**Try it:** Extract the line that contains "(auto simp: V_def)" and every line after it to the end of the records below, exactly as written and nothing else.

[Dataset excerpts — start]

lemma central_decay:
  obtains L where "L \<ge> 0"
    "\<And>i w. i < n \<Longrightarrow> w \<in> central_sector \<Longrightarrow> far_radius \<le> cmod w \<Longrightarrow>
       u i w \<le> L * decay_profile (cmod (w - c i))"
proof -
  obtain L where L: "L \<ge> 0" and near: "\<And>i w. i < n \<Longrightarrow> w \<in> central_sector \<Longrightarrow> far_radius \<le> cmod w \<Longrightarrow>
       cmod w \<le> far_radius + 6 * chart_bound \<Longrightarrow> u i w \<le> L * decay_profile (cmod (w - c i))"
    using decay_barrier_dominates_near by blast
  have "excess L i w \<le> 0" if i: "i < n" and w: "w \<in> central_sector" "far_radius \<le> cmod w" for i w
  proof (rule ccontr)
    assume "\<not> excess L i w \<le> 0"
    hence \<eta>: "excess L i w > 0" by simp
    obtain R1 where small: "\<And>j z. j < n \<Longrightarrow> z \<in> central_sector \<Longrightarrow> R1 \<le> cmod z \<Longrightarrow> u j z < excess L i w"
      using central_eventually_small[OF \<eta>] by blast
    have "far_radius \<le> max R1 (cmod w)" using w(2) by simp
    then obtain i1 p where i1: "i1 < n" and p: "p \<in> central_sector" "far_radius \<le> cmod p" "cmod p \<le> max R1 (cmod w)"
      and p_max: "\<And>j z. j < n \<Longrightarrow> z \<in> central_sector \<Longrightarrow> far_radius \<le> cmod z \<Longrightarrow> cmod z \<le> max R1 (cmod w) \<Longrightarrow>
         excess L j z \<le> excess L i1 p"
      using excess_attains_max_on_annulus[where L = L] by blast
    have w_le: "excess L i w \<le> excess L i1 p" using p_max[OF i w] by simp
    have p_far: "far_radius + 6 * chart_bound < cmod p"
      using near[OF i1 p(1,2)] w_le \<eta> by (force simp: excess_def)
    hence "1 \<le> cmod (p - c i1)"
      using norm_triangle_ineq2[of p "c i1"] chart_bound(3)[OF i1] chart_bound_nonneg
      unfolding far_radius_def by linarith
    then obtain j \<zeta> where j: "j < n" and \<zeta>: "\<bar>Im \<zeta>\<bar> < 2 * Re \<zeta>" "cmod p - 3 * chart_bound \<le> cmod \<zeta>"
      and \<zeta>_max: "excess L i1 p \<le> excess L j \<zeta>"
      using open_central_representative[OF i1 p(1,2) _ L] by blast
    have "cmod \<zeta> < R1"
    proof (rule ccontr)
      assume "\<not> cmod \<zeta> < R1"
      hence "u j \<zeta> < excess L i w" using small[OF j] \<zeta>(1) by (simp add: central_sector_def)
      moreover have "0 \<le> L * decay_profile (cmod (\<zeta> - c j))" using L by (simp add: decay_profile_nonneg)
      ultimately show False using \<zeta>_max w_le by (simp add: excess_def)
    qed
    define V where "V = {z. \<bar>Im z\<bar> < 2 * Re z \<and> far_radius < cmod z \<and> cmod z < max R1 (cmod w)}"
    have "open V" unfolding V_def by (intro open_Collect_conj open_Collect_less continuous_intros)
    moreover have "\<zeta> \<in> V" using \<zeta> p_far \<open>cmod \<zeta> < R1\<close> chart_bound_nonneg by (simp add: V_def)
    ultimately obtain \<delta> where \<delta>: "\<delta> > 0" "ball \<zeta> \<delta> \<subseteq> V" using openE by blast
    show False
    proof (rule no_local_max_far_out[OF j L \<delta>(1)])
      show "ball \<zeta> \<delta> \<subseteq> {z. \<bar>Im z\<bar> < 2 * Re z \<and> far_radius < cmod z}" using \<delta>(2) by (auto simp: V_def)
      show "0 < excess L j \<zeta>" using \<zeta>_max w_le \<eta> by linarith
      show "excess L j y \<le> excess L j \<zeta>" if "y \<in> ball \<zeta> \<delta>" for y
        using p_max[OF j, of y] \<delta>(2) that \<zeta>_max by (auto simp: V_def central_sector_def)
    qed
  qed
  thus thesis using that[OF L] by (simp add: excess_def)
qed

[Dataset excerpts — finish]

**Result of the task:**
      show "ball \<zeta> \<delta> \<subseteq> {z. \<bar>Im z\<bar> < 2 * Re z \<and> far_radius < cmod z}" using \<delta>(2) by (auto simp: V_def)
      show "0 < excess L j \<zeta>" using \<zeta>_max w_le \<eta> by linarith
      show "excess L j y \<le> excess L j \<zeta>" if "y \<in> ball \<zeta> \<delta>" for y
        using p_max[OF j, of y] \<delta>(2) that \<zeta>_max by (auto simp: V_def central_sector_def)
    qed
  qed
  thus thesis using that[OF L] by (simp add: excess_def)
qed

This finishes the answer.